Steve S from the Met Office closed with a few more questions. First, he referred to a discussion we had yesterday during a models meeting about what grids variables should be on for Data Assimilation. Yannick summarized the outcome of the discussion by saying that all variables should be collocated on the same grid (both horizontal and vertical) for DA applications, at least for now. This is the simplest situation - we need to start with this and get it to work. In the future we can consider extending this to staggered grids but this is a substantial effort.

Steve S then asked about the installation of software - what goes into the build of a bundle as opposed to being installed separated as part of the container or otherwise part of the environment. For example, eckit and fckit are now part of the Singularity container along with other external software such as boost. But, packages like crtm are built as part of a bundle. One could in principle include crtm in the container/environment. Yannick responded that there is no set rule for what goes into the container and what does not. External applications like boost are beyond our control so it makes sense to include them in the environment whereas crtm is being developed along with JEDI so including it in the bundle helps you to keep up with the latest updates.

To some extent, this is up to the user. Experienced users can install libraries and set up their environment as they wish whereas those users who do not wish to delve into the technical details should be able to get up and running with minimal difficulty by using the container and bundles.

This led to a more general discussion about what the Singularity container is used for and whether users need to install it themselves. The answer to the second question is yes - users are responsible for installing singularity on their systems, if it is not already there and if they have root permission: for further details see: the JEDI documentation.

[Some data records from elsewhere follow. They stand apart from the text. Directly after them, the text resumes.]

lemma rect_perm_mat_extreme_point_of:
  assumes "A \<in> S" "S \<subseteq> {B. stochastic m n B}" "rect_perm_mat m n A"
  shows "mat_extreme_point_of A S"
  unfolding mat_extreme_point_of_def
proof (intro conjI notI)
  show "A \<in> S" by fact
  assume "\<exists>B\<in>S. \<exists>C\<in>S. B \<noteq> C \<and>
    (\<exists>t::real. 0 < t \<and> t < 1 \<and> A = (\<lambda>i j. t * B i j + (1 - t) * C i j))"
  then obtain B C t where B: "stochastic m n B" and C: "stochastic m n C" and "B \<noteq> C"
    and t: "0 < t" "t < 1" and A: "A = (\<lambda>i j. t * B i j + (1 - t) * C i j)"
    using assms(2) by blast
  have "B i j = C i j" for i j
  proof (cases "i < m \<and> j < n")
    case True
    have "A i j \<in> {0, 1}"
      using assms(3) True by (auto simp: rect_perm_mat_def)
    then show ?thesis
      using B C True t stochastic_entry_le_one[OF B] stochastic_entry_le_one[OF C]
      by (intro convex_comb_zero_one_eq[of _ _ t]) (auto simp: A stochastic_def)
  next
    case False
    then show ?thesis
      using B C by (auto simp: stochastic_def is_mat_def)
  qed
  with \<open>B \<noteq> C\<close> show False by blast
qed

lemma stochastic_zero_one_imp_rect_perm_mat:
  assumes A: "stochastic m n A" and zero_one: "\<And>i j. i < m \<Longrightarrow> j < n \<Longrightarrow> A i j \<in> {0, 1}"
  shows "rect_perm_mat m n A"
  unfolding rect_perm_mat_def
proof (intro conjI allI impI)
  show "is_mat m n A"
    using A by (simp add: stochastic_def)
  show "A i j = 0 \<or> A i j = 1" if "i < m" "j < n" for i j
    using zero_one[OF that] by simp
  fix i assume i: "i < m"
  have row: "(\<Sum>j<n. A i j) = 1" and nonneg: "\<And>j. j < n \<Longrightarrow> 0 \<le> A i j"
    using A i by (auto simp: stochastic_def)
  have "\<exists>j<n. A i j = 1"
  proof (rule ccontr)
    assume "\<not> ?thesis"
    then have "(\<Sum>j<n. A i j) = 0"
      using zero_one i by (intro sum.neutral) auto
    with row show False by simp
  qed
  moreover have "j = j'" if "j < n" "A i j = 1" "j' < n" "A i j' = 1" for j j'
  proof (rule ccontr)
    assume "j \<noteq> j'"
    then have "(\<Sum>k\<in>{j, j'}. A i k) = 2"
      using that by simp
    moreover have "(\<Sum>k\<in>{j, j'}. A i k) \<le> (\<Sum>k<n. A i k)"
      using that nonneg by (intro sum_mono2) auto
    ultimately show False
      using row by simp
  qed
  ultimately show "\<exists>!j. j < n \<and> A i j = 1"
    by blast
qed

lemma stochastic_not_rect_perm_mat_imp_fractional_entry:
  assumes "stochastic m n A" "\<not> rect_perm_mat m n A"
  obtains i j where "i < m" "j < n" "0 < A i j" "A i j < 1"
proof -
  have "\<exists>i<m. \<exists>j<n. 0 < A i j \<and> A i j < 1"
  proof (rule ccontr)
    assume "\<not> ?thesis"
    then have "A i j \<in> {0, 1}" if "i < m" "j < n" for i j
      using that assms(1) stochastic_entry_le_one[OF assms(1)]
      by (force simp: stochastic_def)
    then show False
      using assms stochastic_zero_one_imp_rect_perm_mat by blast
  qed
  then show ?thesis
    using that by blast
qed

lemma stochastic_row_other_positive_entry:
  assumes A: "stochastic m n A" and "i < m" "j < n" "A i j < 1"
  obtains j' where "j' < n" "j' \<noteq> j" "0 < A i j'"
proof -
  have "\<exists>j'<n. j' \<noteq> j \<and> 0 < A i j'"
  proof (rule ccontr)
    assume "\<not> ?thesis"
    then have "\<forall>j'\<in>{..<n} - {j}. A i j' = 0"
      using A \<open>i < m\<close> by (force simp: stochastic_def)
    then have "(\<Sum>j'<n. A i j') = A i j"
      using \<open>j < n\<close> by (simp add: sum.remove)
    then show False
      using A assms(2,4) by (simp add: stochastic_def)
  qed
  then show ?thesis
    using that by blast
qed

After Singularity is installed, the user can simply download the JCSDA container as an image file and then enter it (i.e. execute the application). Regarding the first question, Mark and Yannick outlined three main functions for the Singularity container:

As an implementation tool to help users get up and running with JEDI as quickly and easily as possible. This is intended in particular for new users and for scientific users who are interested in exploiting the functionality of JEDI without having to deal with the technical details of the software implementation.
As a touchstone to facilitate code testing and debugging. Having a common environment (including identical versions of compilers, libraries, etc) can help developers rule out a number of potential issues when trying to reproduce and diagnose a problem.
As an access point to particular models. For example, a developer may develop a new feature for FV3 and then may wish to extend to other models such as lfric or mpas. A container can help them get those other models up and running with minimal effort so they can test their new feature.

For these reasons, we expect to continue to support and develop the JCSDA singularity container in the future. However, as we gain experience with cloud computing platforms such as Amazon, some of the functionality listed above may shift at least in part to the cloud.